148 P.2d 907, 64 Cal. App. 2d 420, 1944 Cal. App. LEXIS 1079
CourtCalifornia Court of Appeal
DecidedMay 19, 1944
DocketCiv. No. 7014
StatusPublished
Cited by4 cases

This text of 148 P.2d 907 (McClain v. Bercut-Richards Packing Co.) is published on Counsel Stack Legal Research, covering California Court of Appeal primary law. Counsel Stack provides free access to over 12 million legal documents including statutes, case law, regulations, and constitutions.

Bluebook
McClain v. Bercut-Richards Packing Co., 148 P.2d 907, 64 Cal. App. 2d 420, 1944 Cal. App. LEXIS 1079 (Cal. Ct. App. 1944).

Opinion

ADAMS, P. J.

This is an action to recover a balance alleged to be due to plaintiff for pears sold to defendant during the canning season of 1941. Plaintiff in his complaint alleges that he entered into a contract to sell to defendant what he describes as “hail damaged” pears, at $45 per ton, that defendant paid $45 per ton for a portion of the fruit delivered, but allowed only $38.50 per ton for the balance because same was “hail damaged”; and plaintiff contends, first, that defendant was bound by the contract to pay $45 per ton for all the pears delivered, and, second, that it is estopped from claiming that the contract provided that the pears should be free from “hail damage.” The contract, copy of which is attached to the complaint as an exhibit, was the standard form adopted by the Canners League of California and recites that the seller has sold, and the buyer has bought, “upon the terms and conditions expressed below and on the back hereof, the quantity, quality and variety hereinafter specified of fruit ...” Two hundred and fifty tons more or less, Bartlett Pears, at $45 per ton, inches in diameter not less than 2%, “10% Tolerance Prorate Grade.” On the back of the contract appears what plaintiff refers to as a “hidden” clause, which provides that: “1. Seller shall deliver, at point of delivery, promptly after harvesting, all fruit covered by this contract of good shape, quality, and in good condition for canning, at the state of maturity Buyer may require, free from doubles, worms, scab, frost rings, hail or rain damage, red streaks in flesh, windfalls, split pits, hard-end, black-end, mildew, decay, water berries, Spanish measles, sunburn, cracks, gum, parasites, fungi, bruises, spray residue, or other imperfections, and all fruit shall be of a color and texture suitable for canning into Choice grade as such Choice grade is generally understood in the canning trade. . . . (d) No. 1 Pears shall be 2% inches or more in diameter, shall produce two perfect peeled halves and shall be of a length not less than 1]4 times the diameter of the Pear. ’ ’

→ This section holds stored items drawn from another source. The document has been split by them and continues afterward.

lemma edge_certificate_short_gap:
  assumes "0 < e" "3 * e < grid_size m"
  shows "\<exists>f. coset_certificate m (grid_size m) a (a + e) f"
proof -
  define \<delta> where "\<delta> = grid_pt m e / 2"
  define c where "c = grid_pt m a + \<delta>"
  define y where "y = cos \<delta>"
  define f where "f t = cos (3 * (t - c)) + (3 - 12 * y\<^sup>2) * cos (t - c) + 8 * y ^ 3" for t
  have "0 < \<delta>" "\<delta> < pi / 3"
    using assms grid_size_pos[of m] by (simp_all add: \<delta>_def grid_pt_def field_simps)
  then have "1 / 2 < y"
    unfolding y_def using cos_monotone_0_pi[of \<delta> "pi / 3"] by (simp add: cos_60)
  then have pos: "0 < cos (t - c) + 2 * y" for t
    using cos_ge_minus_one[of "t - c"] by linarith
  have "coset_certificate m (grid_size m) a (a + e) f"
    unfolding coset_certificate_def
  proof (intro conjI allI)
    show "Psi_affine m f"
      unfolding f_def by (intro Psi_affine_intros)
    show "0 \<le> f (grid_pt m j)" for j
      using pos[of "grid_pt m j"] unfolding f_def cubic_cos_factor by simp
    have "f t = 0 \<longleftrightarrow> cos (t - c) = y" for t
      using pos[of t] unfolding f_def cubic_cos_factor by simp
    then show "f (grid_pt m j) = 0 \<longleftrightarrow> grid_size m dvd j - a \<or> grid_size m dvd j - (a + e)" for j
      using cos_grid_pt_eq_iff[of m j a e] by (simp add: c_def y_def \<delta>_def diff_diff_eq)
  qed
  then show ?thesis by blast
qed
(* Fix $1\le i\le h$ and let $\hat F_i\subseteq B_i$ be such that $\hat G_i=(V(T_i),\hat F_i)$ is a forest of stars. Let $L_i$ be the set of vertices of $T_i$ that are leaves of some star of $\hat G_i$, where for a star with a single edge one of its two endpoints (arbitrarily chosen) is regarded as its leaf. Then $r(\hat F_i)\ge\sum_{v\in L_i}c_i(v_0,v)$.
   Context: $\mathsf{StackMST}(\gamma,\Delta)$: given a tree $T=(V,E(T))$ with red edge costs $c(e)\ge0$, activation costs $\gamma(e)\ge0$ for every pair $e\notin E(T)$, and a budget $\Delta$; the leader activates and prices new edges, the follower takes a minimum spanning tree breaking ties in favor of the leader, whose revenue is the total price of selected new edges. For a red (multi)graph tree with costs $c'$ and a set $F$ of added edges, define for $e\in F$: $p_F(e)=\min_H\max_{e'\in E(H)\text{ red}}c'(e')$ over all simple cycles $H$ containing $e$ in the multigraph of red edges plus $F$; $r(F)$ is the leader's revenue when activating $F$ priced by $p_F$. Root $T$ at its center $v_0$; $h$ is its height. For $1\le i\le h$, $V_i=\{v_1,\dots,v_{\ell_i}\}$ are the vertices at depth $i$, $E_i$ the edges joining them to their parents; $T_i$ is the red star centered at $v_0$ with leaves $v_1,\dots,v_{\ell_i}$ and costs $c_i(v_0,v)=c(u,v)$, $u$ the parent of $v$ in $T$; by convention $c_i(v_0,v_0)=0$. Let $\hat T_0,\dots,\hat T_{\ell_i}$ be the components of $T-E_i$, $v_0\in\hat T_0$, $v_j\in\hat T_j$; for $j\ne q$, $B_i$ contains the edge $(v_j,v_q)$ whenever some pair not in $E(T)$ joins $\hat T_j$ and $\hat T_q$ (edges $(v_0,v_q)$ are parallel to red edges). $r(\hat F_i)$ is computed in the auxiliary instance with red star $T_i$ and costs $c_i$. *)

theory Defs
  imports Complex_Main
begin

definition adj :: "'a set set \<Rightarrow> ('a \<times> 'a) set" where
  "adj E = {(u, v). {u, v} \<in> E}"

definition is_tree :: "'a set \<Rightarrow> 'a set set \<Rightarrow> bool" where
  "is_tree V E \<longleftrightarrow> finite V \<and> V \<noteq> {} \<and>
     E \<subseteq> {{u, v} | u v. u \<in> V \<and> v \<in> V \<and> u \<noteq> v} \<and>
     (\<forall>u\<in>V. \<forall>v\<in>V. (u, v) \<in> (adj E)\<^sup>*) \<and>
     card E = card V - 1"

definition tdist :: "'a set set \<Rightarrow> 'a \<Rightarrow> 'a \<Rightarrow> nat" where
  "tdist E u v = (LEAST n. (u, v) \<in> (adj E) ^^ n)"

definition ecc :: "'a set \<Rightarrow> 'a set set \<Rightarrow> 'a \<Rightarrow> nat" where
  "ecc V E v = Max (tdist E v ` V)"

definition is_center :: "'a set \<Rightarrow> 'a set set \<Rightarrow> 'a \<Rightarrow> bool" where
  "is_center V E v0 \<longleftrightarrow> v0 \<in> V \<and> (\<forall>v\<in>V. ecc V E v0 \<le> ecc V E v)"

definition level :: "'a set \<Rightarrow> 'a set set \<Rightarrow> 'a \<Rightarrow> nat \<Rightarrow> 'a set" where
  "level V E v0 i = {v \<in> V. tdist E v0 v = i}"

definition level_edges :: "'a set \<Rightarrow> 'a set set \<Rightarrow> 'a \<Rightarrow> nat \<Rightarrow> 'a set set" where
  "level_edges V E v0 i =
     {e \<in> E. \<exists>u v. e = {u, v} \<and> tdist E v0 u + 1 = i \<and> tdist E v0 v = i}"

text \<open>c_i(v0,v) = c(u,v), u the parent of v; c_i(v0,v0) = 0.\<close>
definition aux_cost :: "'a set \<Rightarrow> 'a set set \<Rightarrow> ('a set \<Rightarrow> real) \<Rightarrow> 'a \<Rightarrow> nat \<Rightarrow> 'a \<Rightarrow> real" where
  "aux_cost V E c v0 i v =
     (if v = v0 then 0 else c (THE e. e \<in> level_edges V E v0 i \<and> v \<in> e))"

definition comp :: "'a set \<Rightarrow> 'a set set \<Rightarrow> 'a \<Rightarrow> 'a set" where
  "comp V E' x = {y \<in> V. (x, y) \<in> (adj E')\<^sup>*}"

Plaintiff’s theory appears to be that the foregoing contract was one for the sale of pears of a “Hail Damaged [422]*422Grade,” and not “Prorate Grade” as recited therein. He alleged that defendant is estopped from denying this or from relying upon the so-called hidden clause in the contract because it knew at the time the contract was entered into that plaintiff’s pears were damaged by hail, that the contract form was furnished by defendant, that the provision that the pears should be free from hail damage was printed on the back of the contract in very small type and was not called to plaintiff’s attention, that plaintiff did not know that it formed a part of said contract, that defendant led plaintiff to believe that no such provision was in the contract, that just prior to the execution of the contract plaintiff and defendant inspected plaintiff’s orchards and defendant was informed that hail damaged pears were the only pears that plaintiff had to sell, that defendant made a thorough inspection of said crops and. commented on the fact that the pears were badly hail damaged and that in view of said hail damage he would pay but $45 per ton for same; also that at the time of the execution of the contract defendant told plaintiff that they were governed by the prorate regulations relating to Bartlett pears for the year 1941 which governed the kind of hail damaged pears that could be delivered to the canneries, and that said regulations and the words “10% Tolerance Prorate Grade ’ ’ meant that defendant was buying plaintiff’s hail damaged pears that could pass inspection. Plaintiff then alleged that he believed the said representation of defendant and was induced thereby to sign the contract; that he could have sold said pears to other parties for $45 a ton, and that he would not have entered into said contract with defendant if defendant had not led him to believe that hail ■ damaged pears was the subject of said contract; also that the contract was executed under and pursuant to the Agricultural Prorate Act [Stats. 1933, p. 1969, as amended; Peering's Gen. Laws, 1937, Act 143a], and the 1941 grade regulations on canning Bartlett pears as approved by the authorities of the State Department of Agriculture, and that all of the provisions of said act and said regulations were by law made a part of said contract.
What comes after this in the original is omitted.